La joven levantó sus ojos hasta fijarlos de una manera imperiosa en el rostro del judío. Este repuso, anonadado con aquella mirada:
—Mi objeto era...
—Habla.
—Oh, oh, ¿te enfadarás?
—Habla —repitió la joven con aire de reina.
—Pues bien: acabo de descubrir un agua, cuyo olor solamente...
—¡Detente, hombre execrable, detente!
—La víbora picada se venga de su opresor clavándole si puede el aguijón —repuso el judío con intención.
—Tienes razón, viejo maldito; pero también el perro lame con cariño la mano que le da golpes.
Razón tenía Aben-Ahlamar para no atreverse a mirar a la joven, que no era otra que la hechicera Piedad, de hito en hito, y para temer su mirada llena a veces de veneno, a veces de amor o de humildad, pero siempre imperiosa, siempre magnética e irresistible.
—Dime —continuó la gitana—, ¿no me indicaste hace poco que mañana se reunía la corte con no sé qué motivo?
—Cierto, eso te he dicho.
p. 65
—¿Estará el conde de Haro?
—Es muy probable.
—¡Oh, Dios lo haga, para que se efectúe mi venganza!
—¿Piensas presentarte al rey delante de él?
—Pienso...
Dos golpes dados en la puerta interrumpieron a la gitana. Esta se escondió al instante en el mismo paraje donde había permanecido oculta durante la visita del conde de Haro. Después de esto, dejó Aben-Ahlamar la entrada libre a don Juan Alonso Carvajal. El caballero preguntó al judío con melancolía:
—¿No habéis descubierto nada?
—Nada hasta ahora. Pero descuidad que no dejaré de consultar a los astros hasta que indague el paradero y situación de tu infeliz amante.
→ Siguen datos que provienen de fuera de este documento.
lemma block_chebyshev:
  assumes nonneg: "\<And>w. P w \<ge> 0" and "c > 0"
  shows "(\<Sum>ws\<in>blocks n. prod_list (map P ws) * (if c \<le> \<bar>sum_list (map h ws)\<bar> then 1 else 0))
           \<le> real n * (\<Sum>w\<in>UNIV. P w * (h w)\<^sup>2) / c\<^sup>2"
proof -
  have "(if c \<le> \<bar>s\<bar> then 1 else 0) \<le> s\<^sup>2 / c\<^sup>2" for s :: real
  proof (cases "c \<le> \<bar>s\<bar>")
    case True
    then have "c\<^sup>2 \<le> \<bar>s\<bar>\<^sup>2" using \<open>c > 0\<close> by (intro power_mono) auto
    then show ?thesis using True \<open>c > 0\<close> by simp
  qed simp
  then have "(\<Sum>ws\<in>blocks n. prod_list (map P ws) * (if c \<le> \<bar>sum_list (map h ws)\<bar> then 1 else 0))
      \<le> (\<Sum>ws\<in>blocks n. prod_list (map P ws) * ((sum_list (map h ws))\<^sup>2 / c\<^sup>2))"
    by (intro sum_mono mult_left_mono prod_list_map_nonneg nonneg)
  also have "\<dots> = real n * (\<Sum>w\<in>UNIV. P w * (h w)\<^sup>2) / c\<^sup>2"
    by (simp add: sum_divide_distrib[symmetric] block_second_moment)
  finally show ?thesis .
qed

end

text \<open>For a pmf \<open>P\<close> on pairs \<open>(x, s)\<close>, \<open>cond_ent P\<close> is \<open>H(X|S)\<close> and \<open>self_info P (x, s) = - log\<^sub>2 P(x|s)\<close>;
  the conditional pmf is \<open>0\<close> (by division by zero) where \<open>P(s) = 0\<close>.\<close>

definition snd_marg :: "('x::finite \<times> 's \<Rightarrow> real) \<Rightarrow> 's \<Rightarrow> real" where
  "snd_marg P s = (\<Sum>x\<in>UNIV. P (x, s))"

definition cond_pmf :: "('x::finite \<times> 's \<Rightarrow> real) \<Rightarrow> 'x \<times> 's \<Rightarrow> real" where
  "cond_pmf P w = P w / snd_marg P (snd w)"

definition self_info :: "('x::finite \<times> 's \<Rightarrow> real) \<Rightarrow> 'x \<times> 's \<Rightarrow> real" where
  "self_info P w = - log 2 (cond_pmf P w)"

definition cond_ent :: "('x::finite \<times> 's::finite \<Rightarrow> real) \<Rightarrow> real" where
  "cond_ent P = (\<Sum>w\<in>UNIV. P w * self_info P w)"

lemma sum_snd_marg: "sum (snd_marg P) UNIV = sum P UNIV"
  unfolding snd_marg_def by (subst sum.swap) (simp add: sum.cartesian_product)

locale pair_pmf =
  fixes P :: "'x::finite \<times> 's::finite \<Rightarrow> real"
  assumes nonneg: "\<And>w. P w \<ge> 0" and total: "sum P UNIV = 1"
begin

definition info_var :: real where
  "info_var = (\<Sum>w\<in>UNIV. P w * (self_info P w - cond_ent P)\<^sup>2)"
(* For $h=2$ the universal variety equals the quasi-shuffle group component: $\mathcal V_{d,2}=\hat{\mathcal G}^{2}(\mathfrak A_d)$ for every $d\ge1$.
   Context: $\mathtt{K}$ is an algebraically closed field of characteristic zero, $\mathfrak A_d=\mathtt{K}[X_1,\dots,X_d]/\{\text{constants}\}$ with basis the non-constant monomials, graded by degree. Words in monomials form a basis of $T(\mathfrak A_d)$; $T^{h}(\mathfrak A_d)$ (resp. $T^{\le h}$) is the span of words of height (sum of degrees of letters) $=h$ (resp. $\le h$), $\pi^h$ the projection onto $T^h$, and $\langle\sum\alpha_w w,v\rangle=\alpha_v$. For $x=(x_1,\dots,x_N)\in(\mathtt{K}^d)^N$, $\langle \mathrm{DS}(x),\mathsf{e}_1\bullet\cdots\bullet\mathsf{e}_k\rangle=\sum_{1\le i_1<\cdots<i_k\le N}\mathsf{e}_1(x_{i_1})\cdots\mathsf{e}_k(x_{i_k})$, and $\mathrm{DS}^h(x)$ is its projection to $T^h(\mathfrak A_d)$. The discrete signature variety $\mathcal V_{d,h,N}$ is the Zariski closure of the image of $\mathrm{DS}^h$ on $(\mathtt{K}^d)^N$; these form an ascending chain in $N$ which stabilizes, and the universal variety $\mathcal V_{d,h}$ is their union. The quasi-shuffle product is defined by $\varepsilon$ a unit and $w\bullet i\ \overline{\sqcup\!\sqcup}\ v\bullet j=(w\ \overline{\sqcup\!\sqcup}\ v\bullet j)\bullet i+(w\bullet i\ \overline{\sqcup\!\sqcup}\ v)\bullet j+(w\ \overline{\sqcup\!\sqcup}\ v)\bullet ij$; $\hat{\mathcal G}^{\le h}(\mathfrak A_d)$ is the set of $\mathsf{u}\in T^{\le h}(\mathfrak A_d)$ with coefficient $1$ on $\varepsilon$ and $\langle\mathsf{u},w\ \overline{\sqcup\!\sqcup}\ u\rangle=\langle\mathsf{u},w\rangle\langle\mathsf{u},u\rangle$ whenever the heights sum to $\le h$, and $\hat{\mathcal G}^{h}(\mathfrak A_d)=\pi^h(\hat{\mathcal G}^{\le h}(\mathfrak A_d))$. The paper conjectures $\mathcal V_{d,h}=\hat{\mathcal G}^{h}(\mathfrak A_d)$ for all $h$; this corollary is the case $h=2$. *)

theory Defs
  imports "HOL-Computational_Algebra.Polynomial" "HOL-Library.Multiset"
begin

text \<open>A monomial X^alpha in d variables is its exponent vector alpha (a nat list of
length d); non-constant means total degree > 0. A word is a list of monomials.\<close>

type_synonym letter = "nat list"
type_synonym word = "letter list"

definition letters :: "nat \<Rightarrow> letter set" where
  "letters d = {\<alpha>. length \<alpha> = d \<and> sum_list \<alpha> > 0}"

definition height :: "word \<Rightarrow> nat" where
  "height w = sum_list (map sum_list w)"

definition words_h :: "nat \<Rightarrow> nat \<Rightarrow> word set" where
  "words_h d h = {w. set w \<subseteq> letters d \<and> height w = h}"

definition Tspace :: "nat \<Rightarrow> nat \<Rightarrow> (word \<Rightarrow> 'a::zero) set" where
  "Tspace d h = {u. \<forall>w. w \<notin> words_h d h \<longrightarrow> u w = 0}"

definition Tle :: "nat \<Rightarrow> nat \<Rightarrow> (word \<Rightarrow> 'a::zero) set" where
  "Tle d h = {u. \<forall>w. \<not>(set w \<subseteq> letters d \<and> height w \<le> h) \<longrightarrow> u w = 0}"

definition proj_h :: "nat \<Rightarrow> nat \<Rightarrow> (word \<Rightarrow> 'a::zero) \<Rightarrow> (word \<Rightarrow> 'a)" where
  "proj_h d h u = (\<lambda>w. if w \<in> words_h d h then u w else 0)"

definition eval_mono :: "letter \<Rightarrow> (nat \<Rightarrow> 'a::comm_ring_1) \<Rightarrow> 'a" where
  "eval_mono \<alpha> p = (\<Prod>i<length \<alpha>. p i ^ (\<alpha> ! i))"

definition DS_coef :: "(nat \<Rightarrow> nat \<Rightarrow> 'a::comm_ring_1) \<Rightarrow> nat \<Rightarrow> word \<Rightarrow> 'a" where
  "DS_coef x N w = (\<Sum>is\<in>{is. length is = length w \<and> sorted_wrt (<) is \<and> set is \<subseteq> {..<N}}.
        \<Prod>m<length w. eval_mono (w ! m) (x (is ! m)))"

definition DS_h :: "nat \<Rightarrow> nat \<Rightarrow> nat \<Rightarrow> (nat \<Rightarrow> nat \<Rightarrow> 'a::comm_ring_1) \<Rightarrow> (word \<Rightarrow> 'a)" where
  "DS_h d h N x = proj_h d h (DS_coef x N)"

inductive_set polyfun :: "'w set \<Rightarrow> (('w \<Rightarrow> 'a::comm_ring_1) \<Rightarrow> 'a) set" for C where
  pconst: "(\<lambda>u. c) \<in> polyfun C"
| pvar: "w \<in> C \<Longrightarrow> (\<lambda>u. u w) \<in> polyfun C"
| padd: "p \<in> polyfun C \<Longrightarrow> q \<in> polyfun C \<Longrightarrow> (\<lambda>u. p u + q u) \<in> polyfun C"
| pmult: "p \<in> polyfun C \<Longrightarrow> q \<in> polyfun C \<Longrightarrow> (\<lambda>u. p u * q u) \<in> polyfun C"

definition zariski_closure :: "nat \<Rightarrow> nat \<Rightarrow> (word \<Rightarrow> 'a::comm_ring_1) set \<Rightarrow> (word \<Rightarrow> 'a) set" where
  "zariski_closure d h S = {v \<in> Tspace d h. \<forall>p \<in> polyfun (words_h d h).
      (\<forall>s\<in>S. p s = 0) \<longrightarrow> p v = 0}"

definition DS_variety :: "nat \<Rightarrow> nat \<Rightarrow> nat \<Rightarrow> (word \<Rightarrow> 'a::comm_ring_1) set" where
  "DS_variety d h N = zariski_closure d h (range (DS_h d h N))"

definition universal_variety :: "nat \<Rightarrow> nat \<Rightarrow> (word \<Rightarrow> 'a::comm_ring_1) set" where
  "universal_variety d h = (\<Union>N. DS_variety d h N)"

text \<open>Quasi-shuffle, defined on reversed words (recursion on last letters);
  the product of letters i j is the monomial product (sum of exponent vectors).\<close>
fun qsh_rev :: "word \<Rightarrow> word \<Rightarrow> word multiset" where
  "qsh_rev [] v = {#v#}"
| "qsh_rev w [] = {#w#}"
| "qsh_rev (i # w) (j # v) =
     image_mset ((#) i) (qsh_rev w (j # v))
   + image_mset ((#) j) (qsh_rev (i # w) v)
   + image_mset ((#) (map2 (+) i j)) (qsh_rev w v)"

definition qsh :: "word \<Rightarrow> word \<Rightarrow> word multiset" where
  "qsh w v = image_mset rev (qsh_rev (rev w) (rev v))"

definition pair :: "(word \<Rightarrow> 'a::comm_monoid_add) \<Rightarrow> word multiset \<Rightarrow> 'a" where
  "pair u M = sum_mset (image_mset u M)"

definition Ghat_le :: "nat \<Rightarrow> nat \<Rightarrow> (word \<Rightarrow> 'a::comm_ring_1) set" where
  "Ghat_le d h = {u \<in> Tle d h. u [] = 1 \<and>
     (\<forall>w v. set w \<subseteq> letters d \<and> set v \<subseteq> letters d \<and> height w + height v \<le> h
        \<longrightarrow> pair u (qsh w v) = u w * u v)}"

definition Ghat :: "nat \<Rightarrow> nat \<Rightarrow> (word \<Rightarrow> 'a::comm_ring_1) set" where
  "Ghat d h = proj_h d h ` Ghat_le d h"

end

theory Submission
  imports Defs
begin

(* In height 2 everything is governed by the d x d matrix
     M(v)_ij = <v, X_i qsh X_j> = v(X_i X_j) + v(X_j X_i) + v(X_i*X_j),
   and v lies in Ghat^2 exactly when M(v) = y y^T for some y in K^d (take u = 1 + y + v).
   For a discrete signature M = (sum_k x_k)(sum_k x_k)^T, so on the Zariski closure the
   rank-one relations M_ii M_jk = M_ij M_ik hold, and over a field with square roots such a
   matrix is y y^T. Conversely every point of Ghat^2 is itself a signature: lists of points
   summing to zero realise every matrix as sum_{k<l} x_k x_l^T (the triangle p, q, -(p+q)
   gives p q^T up to a symmetric term, which two points +-s z with s^2 = -1 cancel), and
   appending the point y sets the first level to y without changing the second. *)

fun iter_sum2 :: "('p \<Rightarrow> 'a::comm_semiring_1) \<Rightarrow> ('p \<Rightarrow> 'a) \<Rightarrow> 'p list \<Rightarrow> 'a" where
  "iter_sum2 f g [] = 0"
| "iter_sum2 f g (p # ps) = f p * (\<Sum>q\<leftarrow>ps. g q) + iter_sum2 f g ps"

lemma iter_sum2_append:
  "iter_sum2 f g (ps @ qs) = iter_sum2 f g ps + iter_sum2 f g qs + (\<Sum>p\<leftarrow>ps. f p) * (\<Sum>q\<leftarrow>qs. g q)"
  by (induction ps) (simp_all add: algebra_simps)

lemma sum_list_mult_eq_iter_sum2:
  "(\<Sum>p\<leftarrow>ps. f p) * (\<Sum>p\<leftarrow>ps. g p) = iter_sum2 f g ps + iter_sum2 g f ps + (\<Sum>p\<leftarrow>ps. f p * g p)"
  by (induction ps) (simp_all add: algebra_simps)

lemma DS_coef_singleton: "DS_coef x N [a] = (\<Sum>p\<leftarrow>map x [0..<N]. eval_mono a p)"
proof -
  have "{is. length is = length [a] \<and> sorted_wrt (<) is \<and> set is \<subseteq> {..<N}} = (\<lambda>k. [k]) ` {..<N}"
    by (auto simp: length_Suc_conv)
  then show ?thesis
    by (simp add: DS_coef_def sum.reindex inj_on_def interv_sum_list_conv_sum_set_nat atLeast0LessThan)
qed

lemma DS_coef_pair: "DS_coef x N [a, b] = iter_sum2 (eval_mono a) (eval_mono b) (map x [0..<N])"
proof -
  let ?I = "SIGMA l:{..<N}. {..<l}"
  have "{is. length is = length [a, b] \<and> sorted_wrt (<) is \<and> set is \<subseteq> {..<N}} = (\<lambda>(l, k). [k, l]) ` ?I"
    by (force simp: length_Suc_conv)
  moreover have "inj_on (\<lambda>(l, k). [k, l]) ?I"
    by (auto simp: inj_on_def)
  ultimately have "DS_coef x N [a, b] = (\<Sum>l<N. \<Sum>k<l. eval_mono a (x k) * eval_mono b (x l))"
    by (simp add: DS_coef_def sum.reindex sum.Sigma lessThan_Suc numeral_2_eq_2 case_prod_unfold mult.commute)
  also have "\<dots> = iter_sum2 (eval_mono a) (eval_mono b) (map x [0..<N])"
    by (induction N) (simp_all add: iter_sum2_append interv_sum_list_conv_sum_set_nat atLeast0LessThan
        sum_distrib_right)
  finally show ?thesis .
qed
—¡Hacedlo, por Dios, Aben-Ahlamar!
—No lo dudes, señor.
—Exigid de mí cuanto queráis.
—Nada quiero.
—¡Siempre desinteresado, siempre!
—Relévame de esos elogios, gran señor. Mañana, según tengo entendido, una persona que se interesa por vuestra amante dará cuenta al rey de ese suceso, para vos tan funesto.
—¡Lo sabe ya su alteza, Juffep! —exclamó el amante de doña Beatriz con profunda tristeza.
—Sin embargo, no faltéis, que tal vez diga esa persona el nombre del raptor de vuestra prometida —replicó el médico lanzando una mirada furtiva hacia el punto donde estaba la gitana.
No se sorprendió esta poco de que el nigrománticop. 66 hubiera adivinado el proyecto que meditaba.
—¡Cielos! —exclamó fuera de sí el caballero.
—No faltéis, no faltéis, don Juan.
—¡Ah, no, no, buen Aben-Ahlamar! —repuso el joven besando con entusiasmo la descarnada mano del físico del rey.
—¡Tanto honor! —se apresuró este a decir, aparentando sorpresa.
—¿Y al fin le veré?
—Queréis saber más de lo que yo puedo deciros.
—¡Ah, contestadme que sí!
—Caballero, no tengo la dicha de hacer milagros —dijo el judío deseando poner término a tan enojoso diálogo.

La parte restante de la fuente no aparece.